Not from a confrontational logic, but from a perspective of legal certainty and institutional consistency.
Because trust in the markets is not built solely with new rules, but with coherence in the application of criteria over time.
When the system incorporates that which it previously did not recognize, without reviewing the previous process, a structural tension is generated: innovation goes from being an engine of change to becoming a risk for those who develop it in early stages.
And that is the real problem.
Innovation is not born within the State. It is born outside of it.
Regulatory bodies fulfill a fundamental role in ordering, validating, and framing those processes.

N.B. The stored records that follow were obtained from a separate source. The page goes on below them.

(* Let $\Omega=(0,L)^2$ with periodic boundary conditions, $M$ a positive integer, $h=L/M$, and let $\Lambda_h$ be the standard five-point central-difference matrix of the Laplacian on the periodic grid $\{(ih,jh):1\le i,j\le M\}$ (diagonal entries $-4/h^2$, off-diagonal entries $1/h^2$ for the four neighbours, $0$ otherwise); let $\varepsilon>0$ and $I$ the identity matrix. Let $\tau_k>0$ be time steps, $r_k=\tau_k/\tau_{k-1}$ for $2\le k\le N$, $r_1:=0$. Define $b_0^{(1)}=1/\tau_1$, $b_1^{(1)}=0$ and for $n\ge2$ $$b_0^{(n)}=\frac{1+2r_n}{\tau_n(1+r_n)},\qquad b_1^{(n)}=-\frac{r_n^2}{\tau_n(1+r_n)}.$$ Let $\eta$ be a real number with $\frac{r_k^2}{1+2r_k}\le\eta<1$ for all $2\le k\le N$, define $d_0^{(n)}=b_0^{(n)}$ and $d_j^{(n)}=\eta^{j-1}(b_0^{(n)}\eta+b_1^{(n)})$ for $1\le j\le n$, let $S_n$ ($n\ge1$) be real parameters, and set $$Q_j^{(n)}=\big(d_{j-1}^{(n)}-d_j^{(n)}-S_n\eta^j\big)I+\eta^j\varepsilon^2\Lambda_h,\qquad 1\le j\le n.$$ Assume $0<r_k<1+\sqrt2$ for $2\le k\le N$ and $$\tau_n\le\frac{(1+2r_n)\eta-r_n^2}{\eta^2(1+r_n)}\cdot\frac{1-\eta}{S_n+4\varepsilon^2h^{-2}}\quad\text{for } n\ge1.$$ Then $\|Q_j^{(n)}\|_\infty\le d_{j-1}^{(n)}-d_j^{(n)}-S_n\eta^j$ for $1\le j\le n$, where $\|\cdot\|_\infty$ is the matrix norm induced by the vector maximum norm (maximum absolute row sum). *)

theory Defs
  imports Complex_Main
begin

text \<open>Periodic grid with M points per direction; grid point (i,j), 0 <= i,j < M,
  stands for (i+1)h,(j+1)h. Matrices on the grid are functions
  grid index => grid index => real.\<close>

definition grid :: "nat \<Rightarrow> (nat \<times> nat) set" where
  "grid M = {0..<M} \<times> {0..<M}"

type_synonym gmat = "nat \<times> nat \<Rightarrow> nat \<times> nat \<Rightarrow> real"

definition idm :: gmat where
  "idm p q = (if p = q then 1 else 0)"

definition lap :: "nat \<Rightarrow> real \<Rightarrow> gmat" where
  "lap M h p q =
     (let (i, j) = p in
       (if q = (i, j) then - 4 / h\<^sup>2 else 0)
     + (if q = ((i + 1) mod M, j) then 1 / h\<^sup>2 else 0)
     + (if q = ((i + M - 1) mod M, j) then 1 / h\<^sup>2 else 0)
     + (if q = (i, (j + 1) mod M) then 1 / h\<^sup>2 else 0)
     + (if q = (i, (j + M - 1) mod M) then 1 / h\<^sup>2 else 0))"

definition inf_norm :: "nat \<Rightarrow> gmat \<Rightarrow> real" where
  "inf_norm M A = Max ((\<lambda>p. \<Sum>q\<in>grid M. \<bar>A p q\<bar>) ` grid M)"

definition step_ratio :: "(nat \<Rightarrow> real) \<Rightarrow> nat \<Rightarrow> real" where
  "step_ratio \<tau> k = (if k = 1 then 0 else \<tau> k / \<tau> (k - 1))"

definition b0 :: "(nat \<Rightarrow> real) \<Rightarrow> nat \<Rightarrow> real" where
  "b0 \<tau> n = (if n = 1 then 1 / \<tau> 1
     else (1 + 2 * step_ratio \<tau> n) / (\<tau> n * (1 + step_ratio \<tau> n)))"

definition b1 :: "(nat \<Rightarrow> real) \<Rightarrow> nat \<Rightarrow> real" where
  "b1 \<tau> n = (if n = 1 then 0
     else - ((step_ratio \<tau> n)\<^sup>2) / (\<tau> n * (1 + step_ratio \<tau> n)))"

definition dcoef :: "(nat \<Rightarrow> real) \<Rightarrow> real \<Rightarrow> nat \<Rightarrow> nat \<Rightarrow> real" where
  "dcoef \<tau> \<eta> n j = (if j = 0 then b0 \<tau> n
     else \<eta> ^ (j - 1) * (b0 \<tau> n * \<eta> + b1 \<tau> n))"

definition Qmat :: "nat \<Rightarrow> real \<Rightarrow> real \<Rightarrow> (nat \<Rightarrow> real) \<Rightarrow> real \<Rightarrow> (nat \<Rightarrow> real)
    \<Rightarrow> nat \<Rightarrow> nat \<Rightarrow> gmat" where
  "Qmat M h \<epsilon> \<tau> \<eta> S n j p q =
     (dcoef \<tau> \<eta> n (j - 1) - dcoef \<tau> \<eta> n j - S n * \<eta> ^ j) * idm p q
     + \<eta> ^ j * \<epsilon>\<^sup>2 * lap M h p q"

end

theory Submission
  imports Defs
begin

text \<open>Write \<open>c\<^sub>j = d\<^sub>j\<^sub>-\<^sub>1 - d\<^sub>j - S \<eta>\<^sup>j\<close>. The matrix \<open>c\<^sub>j I + t \<Lambda>\<^sub>h\<close> with \<open>t \<ge> 0\<close> has
  row sums \<open>c\<^sub>j\<close>, because the rows of \<open>\<Lambda>\<^sub>h\<close> sum to zero; its off-diagonal entries are
  nonnegative, and so is its diagonal \<open>c\<^sub>j - 4t/h\<^sup>2\<close> as soon as \<open>c\<^sub>j \<ge> 4t/h\<^sup>2\<close>. Then every
  absolute row sum equals \<open>c\<^sub>j\<close>. With \<open>t = \<eta>\<^sup>j \<epsilon>\<^sup>2\<close> the condition \<open>c\<^sub>j \<ge> \<eta>\<^sup>j \<cdot> 4\<epsilon>\<^sup>2/h\<^sup>2\<close> reduces,
  since \<open>d\<^sub>j\<^sub>-\<^sub>1 - d\<^sub>j = \<eta>\<^sup>j\<^sup>-\<^sup>2 (b\<^sub>0 \<eta> + b\<^sub>1)(1 - \<eta>)\<close> for \<open>j \<ge> 2\<close> and \<open>b\<^sub>1 \<le> 0\<close>, to the single
  inequality \<open>\<eta>\<^sup>2 (S + 4\<epsilon>\<^sup>2/h\<^sup>2) \<le> (b\<^sub>0 \<eta> + b\<^sub>1)(1 - \<eta>)\<close>, which is the time-step restriction.\<close>

lemma finite_grid [simp]: "finite (grid M)"
  by (simp add: grid_def)

lemma grid_nonempty: "M > 0 \<Longrightarrow> grid M \<noteq> {}"
  by (auto simp: grid_def)

lemma inf_norm_le:
  assumes "M > 0" and "\<And>p. p \<in> grid M \<Longrightarrow> (\<Sum>q\<in>grid M. \<bar>A p q\<bar>) \<le> c"
  shows "inf_norm M A \<le> c"
  unfolding inf_norm_def using assms grid_nonempty by (subst Max_le_iff) auto

lemma sum_idm_row:
  assumes "p \<in> grid M"
  shows "(\<Sum>q\<in>grid M. idm p q) = 1"
  using assms by (simp add: idm_def eq_commute[of p])

lemma lap_ge_diagonal_part: "(if q = p then - 4 / h\<^sup>2 else 0) \<le> lap M h p q"
  unfolding lap_def by (cases p) (auto simp: Let_def)

lemma sum_lap_row:
  assumes "p \<in> grid M"
  shows "(\<Sum>q\<in>grid M. lap M h p q) = 0"
proof -
  obtain i j where p: "p = (i, j)" and "i < M" "j < M"
    using assms by (cases p) (auto simp: grid_def)
  then have neighbours: "((i + 1) mod M, j) \<in> grid M" "((i + M - 1) mod M, j) \<in> grid M"
      "(i, (j + 1) mod M) \<in> grid M" "(i, (j + M - 1) mod M) \<in> grid M"
    by (auto simp: grid_def)
  have "(\<Sum>q\<in>grid M. lap M h p q) =
     (\<Sum>q\<in>grid M. if q = (i, j) then - 4 / h\<^sup>2 else 0)
     + (\<Sum>q\<in>grid M. if q = ((i + 1) mod M, j) then 1 / h\<^sup>2 else 0)
     + (\<Sum>q\<in>grid M. if q = ((i + M - 1) mod M, j) then 1 / h\<^sup>2 else 0)
     + (\<Sum>q\<in>grid M. if q = (i, (j + 1) mod M) then 1 / h\<^sup>2 else 0)
     + (\<Sum>q\<in>grid M. if q = (i, (j + M - 1) mod M) then 1 / h\<^sup>2 else 0)"
    unfolding lap_def p by (simp add: sum.distrib)
  also have "\<dots> = 0"
    using assms neighbours p by simp
  finally show ?thesis .
qed

lemma inf_norm_diag_plus_lap_le:
  assumes "M > 0" and "t \<ge> 0" and "t * (4 / h\<^sup>2) \<le> c"
  shows "inf_norm M (\<lambda>p q. c * idm p q + t * lap M h p q) \<le> c"
proof (rule inf_norm_le)
  fix p assume p: "p \<in> grid M"
  have nonneg: "0 \<le> c * idm p q + t * lap M h p q" for q
  proof -
    have "t * (if q = p then - 4 / h\<^sup>2 else 0) \<le> t * lap M h p q"
      using lap_ge_diagonal_part \<open>t \<ge> 0\<close> by (rule mult_left_mono)
    moreover have "0 \<le> c * idm p q + t * (if q = p then - 4 / h\<^sup>2 else 0)"
      using assms(2,3) by (auto simp: idm_def)
    ultimately show ?thesis by linarith
  qed
  have "(\<Sum>q\<in>grid M. \<bar>c * idm p q + t * lap M h p q\<bar>)
      = c * (\<Sum>q\<in>grid M. idm p q) + t * (\<Sum>q\<in>grid M. lap M h p q)"
    using nonneg by (simp add: sum.distrib sum_distrib_left)
  also have "\<dots> = c"
    using p by (simp add: sum_idm_row sum_lap_row)
  finally show "(\<Sum>q\<in>grid M. \<bar>c * idm p q + t * lap M h p q\<bar>) \<le> c" by simp
qed (fact \<open>M > 0\<close>)

text \<open>Since \<open>r\<^sub>1 = 0\<close>, the general formulas also cover \<open>n = 1\<close>.\<close>

lemma b0_eq: "b0 \<tau> n = (1 + 2 * step_ratio \<tau> n) / (\<tau> n * (1 + step_ratio \<tau> n))"
  by (simp add: b0_def step_ratio_def)

lemma b1_eq: "b1 \<tau> n = - (step_ratio \<tau> n)\<^sup>2 / (\<tau> n * (1 + step_ratio \<tau> n))"
  by (simp add: b1_def step_ratio_def)

lemma b1_nonpos: "\<tau> n > 0 \<Longrightarrow> step_ratio \<tau> n \<ge> 0 \<Longrightarrow> b1 \<tau> n \<le> 0"
  by (simp add: b1_eq divide_nonpos_pos)

lemma b0_mult_plus_b1:
  "b0 \<tau> n * \<eta> + b1 \<tau> n
     = ((1 + 2 * step_ratio \<tau> n) * \<eta> - (step_ratio \<tau> n)\<^sup>2) / (\<tau> n * (1 + step_ratio \<tau> n))"
  by (simp add: b0_eq b1_eq diff_divide_distrib)

lemma time_step_bound_imp_eta_sq_le:
  fixes t q A \<eta> P :: real
  assumes "t > 0" and "q > 0" and "A \<ge> 0" and "0 < \<eta>" and "\<eta> \<le> 1"
    and "t \<le> A / (\<eta>\<^sup>2 * q) * ((1 - \<eta>) / P)"
  shows "\<eta>\<^sup>2 * P \<le> A / (t * q) * (1 - \<eta>)"
proof (cases "P > 0")
  case True
  define a where "a = A / q * (1 - \<eta>)"
  have "0 < \<eta>\<^sup>2 * P" using True \<open>0 < \<eta>\<close> by simp
  have "t \<le> a / (\<eta>\<^sup>2 * P)"
    using assms(6) by (simp add: a_def ac_simps)
  then have "t * (\<eta>\<^sup>2 * P) \<le> a"
    using \<open>0 < \<eta>\<^sup>2 * P\<close> by (simp add: le_divide_eq)
  then have "\<eta>\<^sup>2 * P \<le> a / t"
    using \<open>t > 0\<close> by (simp add: le_divide_eq mult.commute)
  then show ?thesis
    by (simp add: a_def ac_simps)
next
  case False
  then have "\<eta>\<^sup>2 * P \<le> 0" by (simp add: mult_nonneg_nonpos)
  also have "0 \<le> A / (t * q) * (1 - \<eta>)"
    using assms(1-3,5) by simp
  finally show ?thesis .
qed

lemma dcoef_diff:
  assumes "2 \<le> j"
  shows "dcoef \<tau> \<eta> n (j - 1) - dcoef \<tau> \<eta> n j = \<eta> ^ (j - 2) * (b0 \<tau> n * \<eta> + b1 \<tau> n) * (1 - \<eta>)"
proof -
  obtain m where j: "j = Suc (Suc m)"
    using assms by (metis add_2_eq_Suc le_Suc_ex)
  show ?thesis
    unfolding j by (simp add: dcoef_def right_diff_distrib)
qed

lemma dcoef_diff_ge:
  assumes "0 < \<eta>" and "b1 \<tau> n \<le> 0" and "1 \<le> j"
    and key: "\<eta>\<^sup>2 * P \<le> (b0 \<tau> n * \<eta> + b1 \<tau> n) * (1 - \<eta>)"
  shows "\<eta> ^ j * P \<le> dcoef \<tau> \<eta> n (j - 1) - dcoef \<tau> \<eta> n j"
proof (cases "j = 1")
  case True
  have "\<eta> * P \<le> (b0 \<tau> n * \<eta> + b1 \<tau> n) * (1 - \<eta>) / \<eta>"
    using divide_right_mono[OF key, of \<eta>] \<open>0 < \<eta>\<close> by (simp add: power2_eq_square)
  also have "\<dots> = b0 \<tau> n * (1 - \<eta>) - b1 \<tau> n + b1 \<tau> n / \<eta>"
    using \<open>0 < \<eta>\<close> by (simp add: field_simps)
  also have "\<dots> \<le> b0 \<tau> n * (1 - \<eta>) - b1 \<tau> n"
    using \<open>b1 \<tau> n \<le> 0\<close> \<open>0 < \<eta>\<close> by (simp add: divide_nonpos_pos)
  finally show ?thesis
    using True by (simp add: dcoef_def algebra_simps)
next
  case False
  then have "2 \<le> j" using \<open>1 \<le> j\<close> by simp
  have "\<eta> ^ j * P = \<eta> ^ (j - 2) * (\<eta>\<^sup>2 * P)"
    using \<open>2 \<le> j\<close> by (metis le_add_diff_inverse2 mult.assoc power_add)
  also have "\<dots> \<le> \<eta> ^ (j - 2) * ((b0 \<tau> n * \<eta> + b1 \<tau> n) * (1 - \<eta>))"
    using key \<open>0 < \<eta>\<close> by (simp add: mult_left_mono)
  finally show ?thesis
    using dcoef_diff[OF \<open>2 \<le> j\<close>] by (simp add: mult.assoc)
qed

theorem lemma4p1:
  fixes L \<epsilon> \<eta> :: real and M N :: nat and \<tau> S :: "nat \<Rightarrow> real"
  assumes "L > 0" and "M > 0" and "\<epsilon> > 0"
    and "\<eta> > 0"
    and tau_pos: "\<And>k. 1 \<le> k \<Longrightarrow> k \<le> N \<Longrightarrow> \<tau> k > 0"
    and eta_lower: "\<And>k. 2 \<le> k \<Longrightarrow> k \<le> N \<Longrightarrow>
           (step_ratio \<tau> k)\<^sup>2 / (1 + 2 * step_ratio \<tau> k) \<le> \<eta>"
    and "\<eta> < 1"
    and r_bounds: "\<And>k. 2 \<le> k \<Longrightarrow> k \<le> N \<Longrightarrow>
           0 < step_ratio \<tau> k \<and> step_ratio \<tau> k < 1 + sqrt 2"
    and tau_bound: "\<And>n. 1 \<le> n \<Longrightarrow> n \<le> N \<Longrightarrow>
           \<tau> n \<le> ((1 + 2 * step_ratio \<tau> n) * \<eta> - (step_ratio \<tau> n)\<^sup>2)
                    / (\<eta>\<^sup>2 * (1 + step_ratio \<tau> n))
                  * ((1 - \<eta>) / (S n + 4 * \<epsilon>\<^sup>2 / (L / real M)\<^sup>2))"
    and "1 \<le> n" and "n \<le> N" and "1 \<le> j" and "j \<le> n"
  shows "inf_norm M (Qmat M (L / real M) \<epsilon> \<tau> \<eta> S n j)
           \<le> dcoef \<tau> \<eta> n (j - 1) - dcoef \<tau> \<eta> n j - S n * \<eta> ^ j"
proof -
  \<comment> \<open>The bound \<open>r < 1 + sqrt 2\<close> only makes \<open>r\<^sup>2/(1 + 2r) < 1\<close>, i.e. an admissible \<open>\<eta>\<close> possible.\<close>
  define r where "r = step_ratio \<tau> n"
  define P where "P = S n + 4 * \<epsilon>\<^sup>2 / (L / real M)\<^sup>2"
  have "\<tau> n > 0" using tau_pos \<open>1 \<le> n\<close> \<open>n \<le> N\<close> .
  have "r \<ge> 0 \<and> r\<^sup>2 \<le> (1 + 2 * r) * \<eta>"
  proof (cases "n = 1")
    case True
    then show ?thesis using \<open>\<eta> > 0\<close> by (simp add: r_def step_ratio_def)
  next
    case False
    then have "0 < r" and "r\<^sup>2 / (1 + 2 * r) \<le> \<eta>"
      using r_bounds eta_lower \<open>1 \<le> n\<close> \<open>n \<le> N\<close> unfolding r_def by auto
    then show ?thesis by (simp add: divide_le_eq algebra_simps)
  qed
  then have "r \<ge> 0" and "(1 + 2 * r) * \<eta> - r\<^sup>2 \<ge> 0" by auto
  have restriction: "\<eta>\<^sup>2 * P \<le> (b0 \<tau> n * \<eta> + b1 \<tau> n) * (1 - \<eta>)"
    unfolding b0_mult_plus_b1 r_def[symmetric]
  proof (rule time_step_bound_imp_eta_sq_le)
    show "\<tau> n \<le> ((1 + 2 * r) * \<eta> - r\<^sup>2) / (\<eta>\<^sup>2 * (1 + r)) * ((1 - \<eta>) / P)"
      using tau_bound \<open>1 \<le> n\<close> \<open>n \<le> N\<close> unfolding r_def P_def by blast
  qed (use \<open>\<tau> n > 0\<close> \<open>r \<ge> 0\<close> \<open>(1 + 2 * r) * \<eta> - r\<^sup>2 \<ge> 0\<close> \<open>\<eta> > 0\<close> \<open>\<eta> < 1\<close> in auto)
  have "b1 \<tau> n \<le> 0"
    using b1_nonpos \<open>\<tau> n > 0\<close> \<open>r \<ge> 0\<close> unfolding r_def by blast
  from dcoef_diff_ge[OF \<open>\<eta> > 0\<close> this \<open>1 \<le> j\<close> restriction]
  have "\<eta> ^ j * \<epsilon>\<^sup>2 * (4 / (L / real M)\<^sup>2)
      \<le> dcoef \<tau> \<eta> n (j - 1) - dcoef \<tau> \<eta> n j - S n * \<eta> ^ j"
    unfolding P_def by (simp add: algebra_simps)
  then show ?thesis
    unfolding Qmat_def using inf_norm_diag_plus_lap_le \<open>M > 0\<close> \<open>\<eta> > 0\<close> by simp
qed

end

But that framing must occur with predictability, balance, and respect for previous developments.
The case of crowdfunding in Argentina reflects this point with precision.
What is today enabled as a tool to expand access to the capital market had already been conceived as a mechanism to democratize investment in real assets, integrating technology, traceability, and distributed participation.
The difference is not in the concept.
It is in the moment in which that concept is recognized.
And in how that recognition impacts those who promoted it.
This analysis, by its nature, must be addressed within the corresponding institutional and judicial frameworks, avoiding any prejudgment and respecting the processes in progress.
But that does not prevent affirming an objective reality:
The principles incorporated today—structured crowdfunding, automation of processes, investor segmentation, and technological traceability—were already part of a previously developed and presented model.
And that fact, by itself, raises the need to move toward a system that not only incorporates innovation when it becomes inevitable, but is also capable of recognizing it the moment it arises.
Because ultimately, the future of the capital market does not depend solely on the regulations that are issued.
It depends on the trust that the system is capable of generating.
And trust is not born when the system adopts what it previously did not understand.
It is born when it is capable of recognizing it.